Dr. Matthew Cain joined the Department of Medicine, Division of Infectious Diseases as an Assistant Professor in July, 2018.
Dr. Cain received his bachelor’s degree from Rhodes College in Memphis, TN. He received his PhD from Washington University in St. Louis. His graduate work with Dr. Kendall Blumer focused on the identification of inner retinal circuits that are sensitive to regulation by Gi/o signaling. Additionally, he characterized the in vivo function of two components of the regulator of G protein signaling 7 (R7-RGS) complex, RGS6 and R7 RGS-binding protein (R7BP), in retinal biology and vision. As a postdoctoral researcher under Dr. Robyn Klein, his research focused on neuroinvasion and host-virus interactions at the blood-brain barrier during Venezuelan equine encephalitis virus infection.

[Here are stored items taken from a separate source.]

definition K_E :: "nat \<Rightarrow> nat \<Rightarrow> nat \<Rightarrow> bool" where
  "K_E n i j \<longleftrightarrow> i < n \<and> j < n \<and> i \<noteq> j"

definition cprod_V :: "'a set \<Rightarrow> 'b set \<Rightarrow> ('a \<times> 'b) set" where
  "cprod_V V1 V2 = V1 \<times> V2"

definition cprod_E :: "'a set \<Rightarrow> ('a \<Rightarrow> 'a \<Rightarrow> bool) \<Rightarrow> 'b set \<Rightarrow> ('b \<Rightarrow> 'b \<Rightarrow> bool)
    \<Rightarrow> 'a \<times> 'b \<Rightarrow> 'a \<times> 'b \<Rightarrow> bool" where
  "cprod_E V1 E1 V2 E2 p q \<longleftrightarrow>
     (fst p = fst q \<and> fst p \<in> V1 \<and> E2 (snd p) (snd q)) \<or>
     (snd p = snd q \<and> snd p \<in> V2 \<and> E1 (fst p) (fst q))"

end

theory Submission
  imports Defs
begin

(* Let w represent G and let ord list the vertices of G in the order of their first occurrence
   in w. The word for G \<box> K_n is P S. The suffix S replaces every letter x of w by
   (x,0) (x,1) ... (x,n-1). The prefix P consists of segments k = 1, ..., n-1: segment k lists,
   for each x in ord, the rotation (x,k) ... (x,n-1) (x,0) ... (x,k-1), and then (x,k) for each
   x in ord. This has n l(G) + (n^2-1)|G| letters.
   Restricted to the copies of one vertex, P S reads 1, 2, ..., n-1 followed by full periods
   0, 1, ..., n-1, so any two copies alternate. For copies (u,i), (v,j) of distinct vertices, u
   before v in ord, segment k restricts to (u,i) (v,j), followed by (u,i) if k = i and by (v,j)
   if k = j, while S restricts to the pattern of u, v in w, which starts with u. If i = j the
   segments only repeat (u,i) (v,i), so alternation is that of u, v in w; if i \<noteq> j, segment
   i or segment j produces two equal neighbours. *)

lemma alternate_iff_distinct_adj:
  "alternate w x y \<longleftrightarrow> distinct_adj (filter (\<lambda>z. z = x \<or> z = y) w)"
  unfolding alternate_def Let_def distinct_adj_conv_nth ..

lemma alternate_commute: "alternate w x y \<longleftrightarrow> alternate w y x"
  unfolding alternate_iff_distinct_adj by (simp add: disj_commute)

lemma filter_eq_singleton_if_distinct:
  "distinct xs \<Longrightarrow> x \<in> set xs \<Longrightarrow> filter (\<lambda>y. y = x) xs = [x]"
  by (induction xs) (auto simp: filter_empty_conv)

lemma distinct_set_doubleton_cases:
  assumes "distinct xs" "set xs = {x, y}" "x \<noteq> y"
  shows "xs = [x, y] \<or> xs = [y, x]"
proof -
  have "length xs = 2"
    using distinct_card[OF assms(1)] assms(2,3) by simp
  then obtain a b where "xs = [a, b]"
    by (auto simp: numeral_2_eq_2 length_Suc_conv)
  then show ?thesis
    using assms(2) by (auto simp: doubleton_eq_iff)
qed

lemma distinct_adj_concat_replicate_append:
  assumes "a \<noteq> b" "distinct_adj ys" "ys = [] \<or> hd ys = a"
  shows "distinct_adj (concat (replicate m [a, b]) @ ys)"
proof (induction m)
  case (Suc m)
  have "concat (replicate m [a, b]) @ ys = [] \<or> hd (concat (replicate m [a, b]) @ ys) = a"
    using assms(3) by (cases m) auto
  then show ?case
    using Suc assms(1) by (auto simp: distinct_adj_Cons)
qed (use assms in simp)

lemma distinct_adj_filter_concat_replicate_upt:
  assumes "i \<noteq> j" "i < n" "j < n"
  shows "distinct_adj (filter (\<lambda>t. t = i \<or> t = j) (concat (replicate m [0..<n])))"
proof -
  have "filter (\<lambda>t. t = i \<or> t = j) [0..<n] = [i, j] \<or> filter (\<lambda>t. t = i \<or> t = j) [0..<n] = [j, i]"
    using assms by (intro distinct_set_doubleton_cases) auto
  then obtain a b where ab: "a \<noteq> b" "filter (\<lambda>t. t = i \<or> t = j) [0..<n] = [a, b]"
    using assms(1) by metis
  have "filter (\<lambda>t. t = i \<or> t = j) (concat (replicate m [0..<n])) = concat (replicate m [a, b])"
    by (simp add: filter_concat ab(2))
  then show ?thesis
    using distinct_adj_concat_replicate_append[of a b "[]" m] ab(1) by simp
qed

lemma concat_map_upt_split:
  assumes "m \<le> k" "k < n"
  shows "concat (map F [m..<n]) = concat (map F [m..<k]) @ F k @ concat (map F [Suc k..<n])"
proof -
  have "[m..<n] = [m..<k] @ k # [Suc k..<n]"
    using assms upt_add_eq_append[of m k "n - k"] upt_conv_Cons[of k n] by simp
  then show ?thesis by simp
qed

lemma hd_rev_remdups_rev: "hd (rev (remdups (rev xs))) = hd xs"
proof -
  have "last (remdups (rev xs)) = last (rev xs)"
    using remdups_filter_last[of "\<lambda>_. True" "rev xs"] by simp
  then show ?thesis
    by (cases "xs = []") (simp_all add: hd_rev last_rev[of xs])
qed

lemma concat_map_concat_replicate:
  "concat (map (\<lambda>k. concat (replicate (r k) xs)) ks) = concat (replicate (sum_list (map r ks)) xs)"
  by (induction ks) (simp_all add: replicate_add)

lemma rotate_upt: "k < n \<Longrightarrow> rotate k [0..<n] = [k..<n] @ [0..<k]"
  by (simp add: rotate_drop_take)

lemma count_list_distinct: "distinct xs \<Longrightarrow> x \<in> set xs \<Longrightarrow> count_list xs x = 1"
  by (induction xs) auto

definition fiber :: "'a \<Rightarrow> ('a \<times> 'b) list \<Rightarrow> 'b list" where
  "fiber v xs = map snd (filter (\<lambda>z. fst z = v) xs)"

lemma fiber_append [simp]: "fiber v (xs @ ys) = fiber v xs @ fiber v ys"
  by (simp add: fiber_def)

lemma fiber_concat: "fiber v (concat xss) = concat (map (fiber v) xss)"
  by (induction xss) (auto simp: fiber_def)

lemma alternate_Pair_iff_fiber:
  "alternate xs (v, i) (v, j) \<longleftrightarrow> distinct_adj (filter (\<lambda>t. t = i \<or> t = j) (fiber v xs))"
proof -
  have "filter (\<lambda>z. z = (v, i) \<or> z = (v, j)) xs
      = map (Pair v) (filter (\<lambda>t. t = i \<or> t = j) (fiber v xs))"
    by (induction xs) (auto simp: fiber_def)
  then show ?thesis
    unfolding alternate_iff_distinct_adj by (simp add: distinct_adj_map_iff inj_on_def)
qed

definition blocks :: "'b list \<Rightarrow> 'a list \<Rightarrow> ('a \<times> 'b) list" where
  "blocks ys xs = concat (map (\<lambda>x. map (Pair x) ys) xs)"

lemma blocks_Nil [simp]: "blocks ys [] = []"
  and blocks_Cons [simp]: "blocks ys (x # xs) = map (Pair x) ys @ blocks ys xs"
  by (simp_all add: blocks_def)

lemma set_blocks [simp]: "set (blocks ys xs) = set xs \<times> set ys"
  by (auto simp: blocks_def)

lemma length_blocks [simp]: "length (blocks ys xs) = length xs * length ys"
  by (induction xs) auto

lemma fiber_blocks: "fiber v (blocks ys xs) = concat (replicate (count_list xs v) ys)"
  by (induction xs) (auto simp: fiber_def comp_def)

lemma filter_blocks:
  assumes "u \<noteq> v"
  shows "filter (\<lambda>z. z = (u, i) \<or> z = (v, j)) (blocks ys xs)
    = concat (map (\<lambda>x. if x = u then map (Pair u) (filter (\<lambda>t. t = i) ys)
                                 else map (Pair v) (filter (\<lambda>t. t = j) ys))
                 (filter (\<lambda>x. x = u \<or> x = v) xs))"
  using assms by (induction xs) (auto simp: filter_map comp_def)

definition segment :: "nat \<Rightarrow> 'a list \<Rightarrow> nat \<Rightarrow> ('a \<times> nat) list" where
  "segment n ord k = blocks (rotate k [0..<n]) ord @ blocks [k] ord"

definition segments :: "nat \<Rightarrow> 'a list \<Rightarrow> ('a \<times> nat) list" where
  "segments n ord = concat (map (segment n ord) [1..<n])"

(* rev (remdups (rev w)) lists the letters of w in the order of their first occurrence. *)
definition product_word :: "nat \<Rightarrow> 'a list \<Rightarrow> ('a \<times> nat) list" where
  "product_word n w = segments n (rev (remdups (rev w))) @ blocks [0..<n] w"

lemma Cons_0_concat_rotations:
  "m < n \<Longrightarrow> 0 # concat (map (\<lambda>k. rotate k [0..<n] @ [k]) [1..<Suc m])
    = concat (replicate m [0..<n]) @ [0..<Suc m]"
proof (induction m)
  case (Suc m)
  let ?F = "\<lambda>k. rotate k [0..<n] @ [k]"
  have "[1..<Suc (Suc m)] = [1..<Suc m] @ [Suc m]"
    by simp
  then have "0 # concat (map ?F [1..<Suc (Suc m)]) = (0 # concat (map ?F [1..<Suc m])) @ ?F (Suc m)"
    by simp
  also have "\<dots> = concat (replicate m [0..<n]) @ ([0..<Suc m] @ [Suc m..<n]) @ [0..<Suc m] @ [Suc m]"
    using Suc rotate_upt[OF Suc.prems] by simp
  also have "[0..<Suc m] @ [Suc m..<n] = [0..<n]"
    using Suc.prems upt_add_eq_append[of 0 "Suc m" "n - Suc m"] by simp
  also have "[0..<Suc m] @ [Suc m] = [0..<Suc (Suc m)]"
    by simp
  finally show ?case
    by (simp add: replicate_append_same[symmetric])
qed simp

lemma fiber_segments:
  assumes "distinct ord" "v \<in> set ord" "0 < n"
  shows "0 # fiber v (segments n ord) = concat (replicate n [0..<n])"
proof -
  have "fiber v (segment n ord k) = rotate k [0..<n] @ [k]" for k
    using assms by (simp add: segment_def fiber_blocks count_list_distinct)
  then have "0 # fiber v (segments n ord) = concat (replicate (n - 1) [0..<n]) @ [0..<n]"
    using Cons_0_concat_rotations[of "n - 1" n] assms(3)
    by (simp add: segments_def fiber_concat comp_def)
  also have "\<dots> = concat (replicate n [0..<n])"
    using assms(3) by (cases n) (simp_all add: replicate_append_same[symmetric])
  finally show ?thesis .
qed

lemma alternate_product_word_same_vertex:
  assumes "v \<in> set w" "i \<noteq> j" "i < n" "j < n"
  shows "alternate (product_word n w) (v, i) (v, j)"
proof -
  let ?P = "\<lambda>t. t = i \<or> t = j"
  have "0 # fiber v (product_word n w) = concat (replicate (n + count_list w v) [0..<n])"
    using fiber_segments[of "rev (remdups (rev w))" v n] assms
    by (simp add: product_word_def fiber_blocks replicate_add)
  then have "distinct_adj (filter ?P (0 # fiber v (product_word n w)))"
    using distinct_adj_filter_concat_replicate_upt[OF assms(2-4)] by simp
  then show ?thesis
    unfolding alternate_Pair_iff_fiber by (simp split: if_splits add: distinct_adj_ConsD)
qed

lemma filter_segment:
  assumes "u \<noteq> v" "i < n" "j < n" "filter (\<lambda>x. x = u \<or> x = v) ord = [u, v]"
  shows "filter (\<lambda>z. z = (u, i) \<or> z = (v, j)) (segment n ord k)
    = [(u, i), (v, j)] @ (if k = i then [(u, i)] else []) @ (if k = j then [(v, j)] else [])"
proof -
  have "filter (\<lambda>t. t = i) (rotate k [0..<n]) = [i]" "filter (\<lambda>t. t = j) (rotate k [0..<n]) = [j]"
    using assms(2,3) by (auto intro: filter_eq_singleton_if_distinct)
  then show ?thesis
    using assms(1,4) by (simp add: segment_def filter_blocks)
qed

lemma distinct_adj_segment_pattern_iff:
  assumes "a \<noteq> b" "i < n" "j < n" "S \<noteq> []" "hd S = a"
  shows "distinct_adj (concat (map (\<lambda>k. [a, b] @ (if k = i then [a] else []) @ (if k = j then [b] else []))
      [1..<n]) @ S) \<longleftrightarrow> distinct_adj S \<and> i = j"
    (is "distinct_adj (concat (map ?F [1..<n]) @ S) \<longleftrightarrow> _")
proof (cases "distinct_adj S \<and> i = j")
  case True
  then have "?F = (\<lambda>k. concat (replicate (if k = i then 2 else 1) [a, b]))"
    by (auto simp: numeral_2_eq_2)
  then show ?thesis
    using True assms(1,5) by (simp add: concat_map_concat_replicate distinct_adj_concat_replicate_append)
next
  case False
  obtain S' where S: "S = a # S'"
    using assms(4,5) by (cases S) auto
  from False consider "\<not> distinct_adj S" | "i \<noteq> j" "j \<noteq> 0" | "i \<noteq> j" "j = 0"
    by blast
  then have "\<not> distinct_adj (concat (map ?F [1..<n]) @ S)"
  proof cases
    case 1
    then show ?thesis by blast
  next
    case 2
    then have "concat (map ?F [1..<n]) = concat (map ?F [1..<j]) @ [a, b, b] @ concat (map ?F [Suc j..<n])"
      using concat_map_upt_split[of 1 j n ?F] assms(3) by simp
    then show ?thesis by auto
  next
    case 3
    then have "concat (map ?F [1..<n]) = concat (map ?F [1..<i]) @ [a, b, a] @ concat (map ?F [Suc i..<n])"
      using concat_map_upt_split[of 1 i n ?F] assms(2) by simp
    moreover obtain zs where "concat (map ?F [Suc i..<n]) @ S = a # zs"
      using S by (cases "[Suc i..<n]") auto
    ultimately show ?thesis by auto
  qed
  then show ?thesis using False by blast
qed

Neurotropic arboviruses, including encephalitic alphaviruses and flaviviruses, are at potential high risk of emergence and increased disease burden both domestically and globally. Despite the potential to cause fatal neuroinvasive disease in subsets of patients, many such viruses currently lack effective vaccines or specific therapies. The blood-brain barrier (BBB) is a structurally and functionally specialized vasculature that limits pathogen infiltration from the periphery into the central nervous system (CNS). Both viral infection and the host-virus interactions that comprise the CNS innate immune response are capable of modulating the functional and structural properties of the BBB. These alterations in the BBB potentially lead to both anti-viral and immunopathogenic outcomes by affecting BBB permeability, viral neuroinvasion, immune cell infiltration, neuroinflammation, and viral clearance during the course of infection. Using mouse models of encephalitic alphavirus and flavivirus infection, we will investigate how neurotropic viral infection is shaped by the interaction between the BBB and the innate immune response. We have specific interests in the mechanisms underlying 1) viral sensing by pattern recognition receptors, 2) BBB-leukocyte interaction, and 3) anti-viral and immunopathogenic cytokine signaling. Greater understanding of these mechanisms are necessary for the identification of potential therapeutic interventions to improve patient outcomes.